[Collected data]

(* Let $G$ be an interval graph and let $[C_1,\ldots,C_t]$ be a consecutive clique arrangement of $G$ with $|C_1|\ge 3$. For a vertex $v$ let $r(v)=\max\{i : v\in C_i\}$, order the vertices of $C_1$ by nondecreasing $r(v)$, and let $\alpha,\beta,\gamma$ be the first three vertices of $C_1$ in this ordering. If $\mathcal{P}$ is a triangle packing of $G$ in which $\alpha$ is covered by a triangle, then there is a triangle packing $\mathcal{P}'$ of $G$ with $|\mathcal{P}'|=|\mathcal{P}|$ such that $\{\alpha,\beta,\gamma\}$ is one of the triangles of $\mathcal{P}'$.
   Context: A graph is an interval graph if it is the intersection graph of a finite collection of intervals on the real line. A consecutive clique arrangement of a graph $G$ is a linear ordering $[C_1,\ldots,C_t]$ of all maximal cliques of $G$ such that for each vertex $v$, the cliques containing $v$ are consecutive in the ordering. A triangle packing is a collection of pairwise vertex-disjoint triangles. *)

theory Defs
  imports Complex_Main
begin

definition simple_graph :: "'a set \<Rightarrow> ('a \<Rightarrow> 'a \<Rightarrow> bool) \<Rightarrow> bool" where
  "simple_graph V E \<longleftrightarrow> finite V \<and> (\<forall>u v. E u v \<longrightarrow> E v u) \<and> (\<forall>v. \<not> E v v)
     \<and> (\<forall>u v. E u v \<longrightarrow> u \<in> V \<and> v \<in> V)"

definition interval_graph :: "'a set \<Rightarrow> ('a \<Rightarrow> 'a \<Rightarrow> bool) \<Rightarrow> bool" where
  "interval_graph V E \<longleftrightarrow> simple_graph V E \<and>
     (\<exists>l r :: 'a \<Rightarrow> real. (\<forall>v\<in>V. l v \<le> r v) \<and>
        (\<forall>u\<in>V. \<forall>v\<in>V. u \<noteq> v \<longrightarrow> (E u v \<longleftrightarrow> {l u..r u} \<inter> {l v..r v} \<noteq> {})))"

definition is_clique :: "'a set \<Rightarrow> ('a \<Rightarrow> 'a \<Rightarrow> bool) \<Rightarrow> 'a set \<Rightarrow> bool" where
  "is_clique V E C \<longleftrightarrow> C \<subseteq> V \<and> (\<forall>u\<in>C. \<forall>v\<in>C. u \<noteq> v \<longrightarrow> E u v)"

definition maximal_clique :: "'a set \<Rightarrow> ('a \<Rightarrow> 'a \<Rightarrow> bool) \<Rightarrow> 'a set \<Rightarrow> bool" where
  "maximal_clique V E C \<longleftrightarrow> is_clique V E C \<and> (\<forall>D. is_clique V E D \<and> C \<subseteq> D \<longrightarrow> D = C)"

definition consecutive_clique_arrangement ::
  "'a set \<Rightarrow> ('a \<Rightarrow> 'a \<Rightarrow> bool) \<Rightarrow> 'a set list \<Rightarrow> bool" where
  "consecutive_clique_arrangement V E Cs \<longleftrightarrow>
     distinct Cs \<and> set Cs = {C. maximal_clique V E C} \<and>
     (\<forall>v\<in>V. \<forall>i j k. i \<le> j \<and> j \<le> k \<and> k < length Cs \<and> v \<in> Cs ! i \<and> v \<in> Cs ! k
                \<longrightarrow> v \<in> Cs ! j)"

text \<open>r(v) = max index of a clique containing v (0-indexed).\<close>
definition rmax :: "'a set list \<Rightarrow> 'a \<Rightarrow> nat" where
  "rmax Cs v = Max {i. i < length Cs \<and> v \<in> Cs ! i}"

definition is_triangle :: "'a set \<Rightarrow> ('a \<Rightarrow> 'a \<Rightarrow> bool) \<Rightarrow> 'a set \<Rightarrow> bool" where
  "is_triangle V E T \<longleftrightarrow> card T = 3 \<and> is_clique V E T"

definition triangle_packing :: "'a set \<Rightarrow> ('a \<Rightarrow> 'a \<Rightarrow> bool) \<Rightarrow> 'a set set \<Rightarrow> bool" where
  "triangle_packing V E P \<longleftrightarrow> (\<forall>T\<in>P. is_triangle V E T) \<and>
     (\<forall>T\<in>P. \<forall>T'\<in>P. T \<noteq> T' \<longrightarrow> T \<inter> T' = {})"

end

theory Submission
  imports Defs "HOL-Combinatorics.Transposition"
begin

(* Write C for the first clique Cs ! 0 and r for rmax Cs.
   (1) Some vertex of C has r = 0: otherwise C would be contained in the next
       clique of the arrangement, contradicting maximality and distinctness.
       Hence alpha, having the least r-value in C, satisfies r(alpha) = 0, so
       all neighbours of alpha lie in C and every triangle through alpha lies
       inside C.
   (2) For u, x in C with r(u) <= r(x), the vertex x dominates u: any clique
       containing u has index at most r(u), so by consecutiveness it also
       contains x.  Therefore exchanging u and x (the transposition (u x)
       applied to every triangle) turns a triangle packing into a triangle
       packing of the same size.
   (3) Starting from the triangle through alpha, two such exchanges first pull
       beta and then gamma into it, producing the triangle {alpha, beta, gamma}.
   Only the consecutive clique arrangement of a (finite, simple) graph is used;
   the interval representation itself plays no further role. *)

lemma clique_subset: "is_clique V E C \<Longrightarrow> D \<subseteq> C \<Longrightarrow> is_clique V E D"
  unfolding is_clique_def by blast

text \<open>In a finite graph every clique extends to a maximal one: take a largest
  clique containing it.\<close>

lemma maximal_clique_exists:
  assumes fin: "finite V" and K: "is_clique V E K"
  shows "\<exists>C. maximal_clique V E C \<and> K \<subseteq> C"
proof -
  define S where "S = {D. is_clique V E D \<and> K \<subseteq> D}"
  have finS: "finite S" unfolding S_def is_clique_def
    by (rule finite_subset[of _ "Pow V"]) (use fin in auto)
  have "K \<in> S" using K unfolding S_def by auto
  then have "Max (card ` S) \<in> card ` S" using finS by (intro Max_in) auto
  then obtain D where D: "D \<in> S" "card D = Max (card ` S)" by auto
  have "maximal_clique V E D"
    unfolding maximal_clique_def
  proof (intro conjI allI impI)
    show "is_clique V E D" using D S_def by auto
    fix D' assume D': "is_clique V E D' \<and> D \<subseteq> D'"
    then have "card D' \<le> card D" using D finS unfolding S_def by auto
    moreover have "finite D'" using D' fin unfolding is_clique_def by (auto intro: finite_subset)
    ultimately show "D' = D" using D' by (metis card_subset_eq card_mono antisym)
  qed
  then show ?thesis using D S_def by auto
qed

lemma triangle_edge: "is_triangle V E T \<Longrightarrow> a \<in> T \<Longrightarrow> b \<in> T \<Longrightarrow> a \<noteq> b \<Longrightarrow> E a b"
  unfolding is_triangle_def is_clique_def by simp

lemma card3_avoids_two:
  assumes "card T = 3"
  shows "\<exists>x\<in>T. x \<noteq> a \<and> x \<noteq> b"
proof (rule ccontr)
  assume "\<not> ?thesis"
  then have "card T \<le> card {a, b}" by (intro card_mono) auto
  also have "\<dots> \<le> 2" by (simp add: card_insert_if)
  finally show False using assms by simp
qed

lemma card3_eq:
  assumes "card T = 3" and "{a, b, c} \<subseteq> T" and "a \<noteq> b" "a \<noteq> c" "b \<noteq> c"
  shows "T = {a, b, c}"
proof -
  have "finite T" using assms(1) by (metis card.infinite zero_neq_numeral)
  moreover have "card {a, b, c} = card T" using assms by simp
  ultimately show ?thesis using assms(2) by (metis card_subset_eq)
qed

section \<open>Exchanging a dominated vertex in a triangle packing\<close>

lemma transpose_image_exchange:
  assumes "x \<in> T" and "u \<notin> T"
  shows "transpose u x ` T = insert u (T - {x})"
proof
  show "transpose u x ` T \<subseteq> insert u (T - {x})"
    using assms by (auto simp: transpose_def)
  show "insert u (T - {x}) \<subseteq> transpose u x ` T"
    using assms by (auto simp: in_transpose_image_iff transpose_def)
qed

lemma triangle_packing_image:
  assumes P: "triangle_packing V E P" and inj: "inj f"
    and tri: "\<And>T. T \<in> P \<Longrightarrow> is_triangle V E (f ` T)"
  shows "triangle_packing V E ((`) f ` P) \<and> card ((`) f ` P) = card P"
proof
  have "f ` A \<inter> f ` B = {}" if "A \<in> P" "B \<in> P" "f ` A \<noteq> f ` B" for A B
  proof -
    have "A \<noteq> B" using that(3) by blast
    then have "A \<inter> B = {}" using P that(1,2) unfolding triangle_packing_def by blast
    then show ?thesis using inj by (simp add: image_Int[symmetric])
  qed
  then show "triangle_packing V E ((`) f ` P)"
    using tri unfolding triangle_packing_def by blast
  have "inj_on ((`) f) P" using inj by (simp add: inj_on_def inj_image_eq_iff)
  then show "card ((`) f ` P) = card P" by (rule card_image)
qed

lemma transpose_dominated_triangle:
  assumes dom: "\<And>w. E u w \<Longrightarrow> w = x \<or> E x w" and sym: "\<And>a b. E a b \<Longrightarrow> E b a"
    and xV: "x \<in> V" and T: "is_triangle V E T" and xT: "x \<notin> T"
  shows "is_triangle V E (transpose u x ` T)"
proof (cases "u \<in> T")
  case False
  then show ?thesis using T xT by simp
next
  case True
  have img: "transpose u x ` T = insert x (T - {u})"
    using transpose_image_exchange[OF True xT] transpose_commute[of u x] by simp
  have "E x w" if "w \<in> T - {u}" for w
  proof -
    have "E u w" using T True that unfolding is_triangle_def is_clique_def by auto
    then show ?thesis using dom xT that by blast
  qed
  then have "is_clique V E (insert x (T - {u}))"
    using T xV sym unfolding is_triangle_def is_clique_def by auto
  moreover have "card (transpose u x ` T) = 3"
    using T by (simp add: card_image is_triangle_def)
  ultimately show ?thesis using img unfolding is_triangle_def by simp
qed

lemma exchange_dominated_vertex:
  assumes sym: "\<And>a b. E a b \<Longrightarrow> E b a"
    and P: "triangle_packing V E P" and T0: "T0 \<in> P" "x \<in> T0" "u \<notin> T0"
    and cl: "is_clique V E (insert u (T0 - {x}))"
    and dom: "\<And>w. E u w \<Longrightarrow> w = x \<or> E x w"
  shows "\<exists>P'. triangle_packing V E P' \<and> card P' = card P \<and> insert u (T0 - {x}) \<in> P'"
proof -
  let ?f = "transpose u x"
  have T0tri: "is_triangle V E T0" using P T0 unfolding triangle_packing_def by auto
  then have xV: "x \<in> V" using T0 unfolding is_triangle_def is_clique_def by auto
  have img0: "?f ` T0 = insert u (T0 - {x})" using T0(2,3) by (rule transpose_image_exchange)
  have "is_triangle V E (?f ` T)" if T: "T \<in> P" for T
  proof (cases "T = T0")
    case True
    have "card (?f ` T0) = 3" using T0tri by (simp add: card_image is_triangle_def)
    then show ?thesis using True img0 cl unfolding is_triangle_def by simp
  next
    case False
    have "is_triangle V E T" using P T unfolding triangle_packing_def by auto
    moreover have "x \<notin> T" using P T T0 False unfolding triangle_packing_def by blast
    ultimately show ?thesis using transpose_dominated_triangle[of E u x, OF dom sym xV] by blast
  qed
  then have "triangle_packing V E ((`) ?f ` P) \<and> card ((`) ?f ` P) = card P"
    by (rule triangle_packing_image[OF P inj_transpose])
  moreover have "insert u (T0 - {x}) \<in> (`) ?f ` P" using img0 T0 by blast
  ultimately show ?thesis by blast
qed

* [What the task asks]:
Could you say how many lines of the entries contain the string "metis"? Only the number should be given.

* [Result of this exercise]:
3